Required action — The lines to reproduce from the material below are those from the one containing "using elim(1) by (cases" through the one containing "then obtain r", both included; write them out exactly and add nothing.

_ _ _ _ _ _ _

lemma epi_liminf_fconj_upper:
  fixes uk :: "nat \<Rightarrow> 'a::euclidean_space \<Rightarrow> ereal" and F :: "'a \<Rightarrow> real"
  assumes cv: "\<And>k. convex_efun (uk k)"
    and li: "\<And>x xs. xs \<longlonglongrightarrow> x \<Longrightarrow> u x \<le> liminf (\<lambda>k. uk k (xs k))"
    and zs: "zs \<longlonglongrightarrow> c0" "eventually (\<lambda>k. uk k (zs k) \<le> ereal a) sequentially"
    and growth: "\<And>K. \<exists>C. \<forall>z. ereal (K * norm z - C) \<le> u z"
    and F: "\<And>w. fconj u w = ereal (F w)" and e: "\<epsilon> > 0"
  shows "eventually (\<lambda>k. \<forall>w\<in>cball 0 R. fconj (uk k) w \<le> ereal (F w + \<epsilon>)) sequentially"
proof -
  have Fc: "continuous_on UNIV F" by (rule fconj_continuous_on[OF F])
  have "bounded (F ` cball 0 R)"
    by (intro compact_imp_bounded compact_continuous_image continuous_on_subset[OF Fc]) auto
  then obtain S where "\<forall>x\<in>F ` cball 0 R. norm x \<le> S" unfolding bounded_iff by blast
  then have S: "\<bar>F w\<bar> \<le> S" if "w \<in> cball 0 R" for w using that by simp
  define K where "K = \<bar>R\<bar> + 1"
  obtain C where C: "\<And>z. ereal ((K + 1) * norm z - C) \<le> u z" using growth by blast
  have "K \<ge> 0" unfolding K_def by simp
  obtain C' where far: "eventually (\<lambda>k. \<forall>z. ereal (K * norm z - C') \<le> uk k z) sequentially"
    using epi_liminf_uniform_linear_minorant[where u = u and uk = uk, OF cv li zs C \<open>K \<ge> 0\<close>] by blast
  define \<rho> where "\<rho> = \<bar>C'\<bar> + \<bar>S\<bar>"
  have "continuous_on (cball 0 \<rho> \<times> cball 0 R) (\<lambda>p::'a \<times> 'a. inner (fst p) (snd p) - F (snd p))"
    by (intro continuous_intros continuous_on_compose2[OF Fc]) auto
  moreover have "ereal (inner (fst p) (snd p) - F (snd p)) \<le> u (fst p)" for p
    using affine_minorantD[OF fenchel_young[OF F], of "fst p" "snd p"] by simp
  ultimately have "eventually (\<lambda>k. \<forall>p\<in>cball 0 \<rho> \<times> cball 0 R.
      ereal (inner (fst p) (snd p) - F (snd p) - \<epsilon>) \<le> uk k (fst p)) sequentially"
    using e by (intro epi_liminf_uniform_on_compact[where u = u and uk = uk, OF li])
      (simp_all add: compact_Times continuous_on_fst)
  with far show ?thesis
  proof eventually_elim
    case (elim k)
    show ?case
    proof
      fix w :: 'a assume w: "w \<in> cball 0 R"
      show "fconj (uk k) w \<le> ereal (F w + \<epsilon>)"
      proof (rule fconj_le_if_minorant_on_ball)
        show "ereal (inner z w - F w - \<epsilon>) \<le> uk k z" if "norm z \<le> \<rho>" for z
          using elim(2) that w by simp
        show "ereal (K * norm z - C') \<le> uk k z" for z using elim(1) by simp
        show "norm w + 1 \<le> K" "\<bar>C'\<bar> + \<bar>F w\<bar> \<le> \<rho>" "\<epsilon> \<ge> 0"
          using w S[OF w] e unfolding K_def \<rho>_def by auto
      qed
    qed
  qed
qed

lemma epi_limsup_fconj_lower_along_subseq:
  fixes uk :: "nat \<Rightarrow> 'a::euclidean_space \<Rightarrow> ereal" and F :: "'a \<Rightarrow> real"
  assumes ls: "\<And>x. \<exists>xs. xs \<longlonglongrightarrow> x \<and> limsup (\<lambda>k. uk k (xs k)) \<le> u x"
    and F: "\<And>w. fconj u w = ereal (F w)" and e: "\<epsilon> > 0"
    and \<sigma>: "strict_mono \<sigma>" and ws: "ws \<longlonglongrightarrow> w0"
  shows "eventually (\<lambda>j. ereal (F (ws j) - \<epsilon>) < fconj (uk (\<sigma> j)) (ws j)) sequentially"
proof -
  have "ereal (F w0 - \<epsilon> / 4) < fconj u w0" using F e by simp
  then obtain z0 where z0: "ereal (F w0 - \<epsilon> / 4) < ereal (inner z0 w0) - u z0"
    unfolding fconj_def less_SUP_iff by blast
  then obtain b0 where b0: "u z0 = ereal b0"
    using fconj_upper[of z0 w0 u] F[of w0] by (cases "u z0") auto
  have zb: "F w0 - \<epsilon> / 4 < inner z0 w0 - b0" using z0 b0 by simp
  obtain zs where zs: "zs \<longlonglongrightarrow> z0" "limsup (\<lambda>k. uk k (zs k)) \<le> ereal b0" using ls b0 by metis
  have "eventually (\<lambda>k. uk k (zs k) < ereal (b0 + \<epsilon> / 4)) sequentially"
    using zs(2) e by (intro Limsup_lessD) (auto intro: le_less_trans)
  then have ev1: "eventually (\<lambda>j. uk (\<sigma> j) (zs (\<sigma> j)) < ereal (b0 + \<epsilon> / 4)) sequentially"
    by (rule eventually_subseq[OF \<sigma>])
  have "(\<lambda>j. inner (zs (\<sigma> j)) (ws j)) \<longlonglongrightarrow> inner z0 w0"
    using LIMSEQ_subseq_LIMSEQ[OF zs(1) \<sigma>] ws by (intro tendsto_inner) (auto simp: o_def)
  then have ev2: "eventually (\<lambda>j. inner z0 w0 - \<epsilon> / 4 < inner (zs (\<sigma> j)) (ws j)) sequentially"
    using e by (intro order_tendstoD(1)) auto
  have "(\<lambda>j. F (ws j)) \<longlonglongrightarrow> F w0"
    using continuous_on_tendsto_compose[OF fconj_continuous_on[OF F] ws] by simp
  then have ev3: "eventually (\<lambda>j. F (ws j) < F w0 + \<epsilon> / 4) sequentially"
    using e by (intro order_tendstoD(2)) auto
  from ev1 ev2 ev3 show ?thesis
  proof eventually_elim
    case (elim j)
    have "ereal (F (ws j) - \<epsilon>) < ereal (inner (zs (\<sigma> j)) (ws j) - (b0 + \<epsilon> / 4))"
      using elim(2,3) zb by simp
    also have "\<dots> \<le> ereal (inner (zs (\<sigma> j)) (ws j)) - uk (\<sigma> j) (zs (\<sigma> j))"
      using elim(1) by (cases "uk (\<sigma> j) (zs (\<sigma> j))") auto
    also have "\<dots> \<le> fconj (uk (\<sigma> j)) (ws j)" by (rule fconj_upper)
    finally show ?case .
  qed
qed

lemma epi_limsup_fconj_lower:
  fixes uk :: "nat \<Rightarrow> 'a::euclidean_space \<Rightarrow> ereal" and F :: "'a \<Rightarrow> real"
  assumes ls: "\<And>x. \<exists>xs. xs \<longlonglongrightarrow> x \<and> limsup (\<lambda>k. uk k (xs k)) \<le> u x"
    and F: "\<And>w. fconj u w = ereal (F w)" and e: "\<epsilon> > 0"
  shows "eventually (\<lambda>k. \<forall>w\<in>cball 0 R. ereal (F w - \<epsilon>) \<le> fconj (uk k) w) sequentially"
proof (rule ccontr)
  assume "\<not> ?thesis"
  then obtain r :: "nat \<Rightarrow> nat" where r: "strict_mono r"
    "\<forall>n. \<not> (\<forall>w\<in>cball 0 R. ereal (F w - \<epsilon>) \<le> fconj (uk (r n)) w)"
    using not_eventually_sequentiallyD by blast
  then have "\<forall>n. \<exists>w. w \<in> cball 0 R \<and> fconj (uk (r n)) w < ereal (F w - \<epsilon>)" by (meson not_le)
  then obtain ww where ww: "\<And>n. ww n \<in> cball 0 R" "\<And>n. fconj (uk (r n)) (ww n) < ereal (F (ww n) - \<epsilon>)"
    by metis
  obtain w0 s where w0: "strict_mono s" "(ww \<circ> s) \<longlonglongrightarrow> w0"
    using seq_compactE[OF compact_imp_seq_compact[OF compact_cball], of ww] ww(1) by blast
  have "eventually (\<lambda>j. ereal (F ((ww \<circ> s) j) - \<epsilon>) < fconj (uk ((r \<circ> s) j)) ((ww \<circ> s) j)) sequentially"
    using strict_mono_o[OF r(1) w0(1)] w0(2) by (rule epi_limsup_fconj_lower_along_subseq[OF ls F e])
  then obtain j where "ereal (F (ww (s j)) - \<epsilon>) < fconj (uk (r (s j))) (ww (s j))"
    by (auto dest: eventually_happens)
  with ww(2)[of "s j"] show False by simp
qed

_ _ _ _ _ _ _

Written solution —
      using elim(1) by (cases "uk (\<sigma> j) (zs (\<sigma> j))") auto
    also have "\<dots> \<le> fconj (uk (\<sigma> j)) (ws j)" by (rule fconj_upper)
    finally show ?case .
  qed
qed

lemma epi_limsup_fconj_lower:
  fixes uk :: "nat \<Rightarrow> 'a::euclidean_space \<Rightarrow> ereal" and F :: "'a \<Rightarrow> real"
  assumes ls: "\<And>x. \<exists>xs. xs \<longlonglongrightarrow> x \<and> limsup (\<lambda>k. uk k (xs k)) \<le> u x"
    and F: "\<And>w. fconj u w = ereal (F w)" and e: "\<epsilon> > 0"
  shows "eventually (\<lambda>k. \<forall>w\<in>cball 0 R. ereal (F w - \<epsilon>) \<le> fconj (uk k) w) sequentially"
proof (rule ccontr)
  assume "\<not> ?thesis"
  then obtain r :: "nat \<Rightarrow> nat" where r: "strict_mono r"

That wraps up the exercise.